Work required> From the entries below, copy exactly the lines from the one that contains "using nonneg by (intro sum_mono2) auto" through the one that contains "L = t \<and>", both included, and only those.
# # #
(* In the network model described in the context, let $\pi$ be an admissible cyclic policy with period $K^\pi$, and let $\bar{\mu}_e^{\pi}=\frac{1}{K^{\pi}}\sum_{t=0}^{K^{\pi}-1}\mu_e^{\pi}(t)$ denote the time-average activation rate of link $e$. Then all queues are stable under $\pi$ if and only if \[ \bar{\mu}_e^{\pi}\ge \frac{\lambda_i}{w_{i,e}}\quad\text{for all } f_i\in\mathcal{F},\ e\in\mathcal{T}^{(i)}. \]
   Context: Network model: a directed graph $G=(V,E)$; time is slotted. Each link $e$ has capacity $c_e$. Interference is described by a conflict graph on the links; $\mathcal{M}$ is the set of feasible activation sets (independent sets of the conflict graph). Flow $f_i\in\mathcal{F}$ has a fixed route $\mathcal{T}^{(i)}$ (sequence of links), deterministic fluid arrival rate $\lambda_i>0$ per slot at its source. Each link $e\in\mathcal{T}^{(i)}$ reserves a slice of width $w_{i,e}>0$ for $f_i$ with its own FCFS queue of size $Q_{i,e}(t)$ at the beginning of slot $t$ (initially empty). A policy $\pi$ chooses $\mu^\pi(t)\in\mathcal{M}$ in each slot; $\mu^\pi_e(t)=1$ if $e$ is activated. Admissible policies respect interference and are work-conserving: an activated link serves $\min\{Q_{i,e}(t),w_{i,e}\}$ from each of its slice queues; served units move to the next link's queue in the next slot (or are delivered at the last link). A policy is cyclic with period $K^\pi$ if $\mu^\pi(t)=\mu^\pi(t+K^\pi)$ for all $t\ge0$. A queue is stable if it remains bounded as the horizon $T\to\infty$ (arrivals continuing through slot $T$). *)

theory Defs
  imports Main Complex_Main
begin

definition is_route :: "('v \<times> 'v) set \<Rightarrow> ('v \<times> 'v) list \<Rightarrow> bool" where
  "is_route E r \<longleftrightarrow> r \<noteq> [] \<and> set r \<subseteq> E \<and> distinct r \<and>
     (\<forall>k. Suc k < length r \<longrightarrow> snd (r ! k) = fst (r ! Suc k))"

definition feasible_sets :: "('v \<times> 'v) set \<Rightarrow> (('v \<times> 'v) \<Rightarrow> ('v \<times> 'v) \<Rightarrow> bool) \<Rightarrow> ('v \<times> 'v) set set" where
  "feasible_sets E conflict = {S. S \<subseteq> E \<and> (\<forall>e\<in>S. \<forall>e'\<in>S. e \<noteq> e' \<longrightarrow> \<not> conflict e e')}"

definition serve :: "(nat \<Rightarrow> 'e set) \<Rightarrow> 'e list \<Rightarrow> ('e \<Rightarrow> real) \<Rightarrow> (nat \<Rightarrow> real) \<Rightarrow> nat \<Rightarrow> nat \<Rightarrow> real" where
  "serve mu r w q t k = (if r ! k \<in> mu t then min (q k) (w (r ! k)) else 0)"

(* qlen mu r w lam t k = queue size Q_{i,e}(t) of the flow with route r at its k-th link e = r!k,
   at the beginning of slot t; initially empty; fluid arrivals lam per slot at the source;
   served units join the next hop's queue in the next slot; served units at the last hop leave. *)
primrec qlen :: "(nat \<Rightarrow> 'e set) \<Rightarrow> 'e list \<Rightarrow> ('e \<Rightarrow> real) \<Rightarrow> real \<Rightarrow> nat \<Rightarrow> nat \<Rightarrow> real" where
  "qlen mu r w lam 0 = (\<lambda>k. 0)"
| "qlen mu r w lam (Suc t) = (\<lambda>k. qlen mu r w lam t k - serve mu r w (qlen mu r w lam t) t k
      + (if k = 0 then lam else serve mu r w (qlen mu r w lam t) t (k - 1)))"

definition avg_rate :: "(nat \<Rightarrow> 'e set) \<Rightarrow> nat \<Rightarrow> 'e \<Rightarrow> real" where
  "avg_rate mu K e = (\<Sum>t<K. if e \<in> mu t then 1 else 0) / real K"

definition all_stable :: "'f set \<Rightarrow> ('f \<Rightarrow> 'e list) \<Rightarrow> ('f \<Rightarrow> real) \<Rightarrow> ('f \<Rightarrow> 'e \<Rightarrow> real) \<Rightarrow> (nat \<Rightarrow> 'e set) \<Rightarrow> bool" where
  "all_stable F route lam w mu \<longleftrightarrow>
     (\<forall>i\<in>F. \<forall>k<length (route i). \<exists>B. \<forall>t. qlen mu (route i) (w i) (lam i) t k \<le> B)"

end

theory Submission
  imports Defs
begin

text \<open>Along a route the slice queues form a tandem of Lindley recursions.
  If every link of the route is activated at least \<open>K \<lambda> / w\<close> times per period, then by
  induction along the route the input of every hop is \<open>(\<sigma>, \<lambda>)\<close>-bounded (a bounded queue passes a
  burst bound on to the next hop), and a Lindley queue with such input and sufficient periodic service
  stays bounded. Conversely, the content of the first \<open>k + 1\<close> queues is \<open>\<lambda> t\<close> minus the departures
  of hop \<open>k\<close>, which over \<open>m\<close> periods are at most \<open>m w\<close> times the number of activations per
  period; if this falls short of \<open>m K \<lambda>\<close> the content grows linearly in \<open>m\<close>.\<close>

lemma sum_lessThan_add:
  fixes f :: "nat \<Rightarrow> 'a::comm_monoid_add"
  shows "(\<Sum>u<a + b. f u) = (\<Sum>u<a. f u) + (\<Sum>u<b. f (a + u))"
  by (induction b) (simp_all add: add.assoc)

lemma sum_periodic_shift:
  fixes f :: "nat \<Rightarrow> 'a::cancel_comm_monoid_add"
  assumes "\<forall>t. f (t + K) = f t"
  shows "(\<Sum>u<K. f (s + u)) = (\<Sum>u<K. f u)"
proof (induction s)
  case (Suc s)
  have "f s + (\<Sum>u<K. f (Suc s + u)) = (\<Sum>u<K. f (s + u)) + f (s + K)"
    using sum.lessThan_Suc_shift[of "\<lambda>u. f (s + u)" K] by simp
  moreover have "f (s + K) = f s"
    using assms by blast
  ultimately have "(\<Sum>u<K. f (Suc s + u)) = (\<Sum>u<K. f (s + u))"
    by (simp add: add.commute)
  then show ?case
    using Suc by simp
qed simp

lemma sum_periodic_multiple:
  fixes f :: "nat \<Rightarrow> 'a::semiring_1_cancel"
  assumes "\<forall>t. f (t + K) = f t"
  shows "(\<Sum>u<m * K. f (s + u)) = of_nat m * (\<Sum>u<K. f u)"
proof (induction m)
  case (Suc m)
  have "(\<Sum>u<Suc m * K. f (s + u)) = (\<Sum>u<m * K. f (s + u)) + (\<Sum>u<K. f (s + m * K + u))"
    using sum_lessThan_add[of "\<lambda>u. f (s + u)" "m * K" K] by (simp add: ac_simps)
  also have "(\<Sum>u<K. f (s + m * K + u)) = (\<Sum>u<K. f u)"
    by (rule sum_periodic_shift[OF assms])
  finally show ?case
    using Suc by (simp add: algebra_simps)
qed simp

lemma sum_periodic_window_ge:
  fixes f :: "nat \<Rightarrow> real"
  assumes per: "\<forall>t. f (t + K) = f t" and nonneg: "\<forall>t. f t \<ge> 0"
    and "K > 0" and "l \<ge> 0" and period: "real K * l \<le> (\<Sum>u<K. f u)"
  shows "(\<Sum>u<L. f (s + u)) \<ge> (real L - real K) * l"
proof -
  have "L < L div K * K + K"
    using \<open>K > 0\<close> by (metis div_mult_mod_eq mod_less_divisor add_less_cancel_left)
  then have "real L - real K \<le> real (L div K) * real K"
    by (simp flip: of_nat_mult)
  then have "(real L - real K) * l \<le> real (L div K) * (real K * l)"
    using \<open>l \<ge> 0\<close> by (metis mult.assoc mult_right_mono)
  also have "\<dots> \<le> real (L div K) * (\<Sum>u<K. f u)"
    using period by (simp add: mult_left_mono)
  also have "\<dots> = (\<Sum>u<L div K * K. f (s + u))"
    by (simp add: sum_periodic_multiple[OF per])
  also have "\<dots> \<le> (\<Sum>u<L. f (s + u))"
    using nonneg by (intro sum_mono2) auto
  finally show ?thesis .
qed

text \<open>A queue served at most \<open>W\<close> per active slot and empty at time 0 holds at time \<open>t\<close> at most
  \<open>W\<close> plus the excess of arrivals over offered service in some window ending at \<open>t\<close>: the window
  starts right after the last slot in which an active server emptied the queue.\<close>

lemma lindley_window_bound:
  fixes Q a :: "nat \<Rightarrow> real" and b :: "nat \<Rightarrow> bool"
  assumes rec: "\<forall>t. Q (Suc t) = Q t - (if b t then min (Q t) W else 0) + a t"
    and "Q 0 = 0" and "W \<ge> 0"
  shows "\<exists>s L. s + L = t \<and>
           Q t \<le> (\<Sum>u<L. a (s + u)) - (\<Sum>u<L. if b (s + u) then W else 0) + W"
proof (induction t)
  case 0
  show ?case
    using \<open>Q 0 = 0\<close> \<open>W \<ge> 0\<close> by auto
next
  case (Suc t)
  then obtain s L where "s + L = t"
    and window: "Q t \<le> (\<Sum>u<L. a (s + u)) - (\<Sum>u<L. if b (s + u) then W else 0) + W"
    by blast
  show ?case
  proof (cases "b t \<and> Q t < W")
    case True
    then have "Q (Suc t) = a t"
      using rec by simp
    then show ?thesis
      using True \<open>W \<ge> 0\<close> by (intro exI[of _ t] exI[of _ 1]) auto
  next
    case False
    then have "Q (Suc t) = Q t - (if b t then W else 0) + a t"
      using rec by auto
    then show ?thesis
      using \<open>s + L = t\<close> window by (intro exI[of _ s] exI[of _ "Suc L"]) auto
  qed
qed

definition burst_bounded :: "real \<Rightarrow> real \<Rightarrow> (nat \<Rightarrow> real) \<Rightarrow> bool" where
  "burst_bounded l M a \<longleftrightarrow> (\<forall>s L. (\<Sum>u<L. a (s + u)) \<le> l * real L + M)"

lemma lindley_bounded_if_burst_bounded:
  fixes Q a :: "nat \<Rightarrow> real" and b :: "nat \<Rightarrow> bool"
  assumes rec: "\<forall>t. Q (Suc t) = Q t - (if b t then min (Q t) W else 0) + a t"
    and "Q 0 = 0" and "W \<ge> 0" and "l \<ge> 0" and "K > 0"
    and per: "\<forall>t. b (t + K) = b t"
    and arrivals: "burst_bounded l M a"
    and service: "real K * l \<le> W * (\<Sum>u<K. if b u then 1 else 0)"
  shows "Q t \<le> M + real K * l + W"
proof -
  define f where "f u = (if b u then W else 0)" for u
  obtain s L where window: "Q t \<le> (\<Sum>u<L. a (s + u)) - (\<Sum>u<L. f (s + u)) + W"
    using lindley_window_bound[OF rec \<open>Q 0 = 0\<close> \<open>W \<ge> 0\<close>, of t] unfolding f_def by blast
  have "real K * l \<le> (\<Sum>u<K. f u)"
    using service by (simp add: f_def sum_distrib_left if_distrib cong: if_cong)
  then have "(\<Sum>u<L. f (s + u)) \<ge> (real L - real K) * l"
    using per \<open>W \<ge> 0\<close> \<open>K > 0\<close> \<open>l \<ge> 0\<close> by (intro sum_periodic_window_ge) (auto simp: f_def)
  moreover have "(\<Sum>u<L. a (s + u)) \<le> l * real L + M"
    using arrivals unfolding burst_bounded_def by blast
  ultimately show ?thesis
    using window by (simp add: algebra_simps)
qed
# # #
Answer to this problem>
    using nonneg by (intro sum_mono2) auto
  finally show ?thesis .
qed

text \<open>A queue served at most \<open>W\<close> per active slot and empty at time 0 holds at time \<open>t\<close> at most
  \<open>W\<close> plus the excess of arrivals over offered service in some window ending at \<open>t\<close>: the window
  starts right after the last slot in which an active server emptied the queue.\<close>

lemma lindley_window_bound:
  fixes Q a :: "nat \<Rightarrow> real" and b :: "nat \<Rightarrow> bool"
  assumes rec: "\<forall>t. Q (Suc t) = Q t - (if b t then min (Q t) W else 0) + a t"
    and "Q 0 = 0" and "W \<ge> 0"
  shows "\<exists>s L. s + L = t \<and>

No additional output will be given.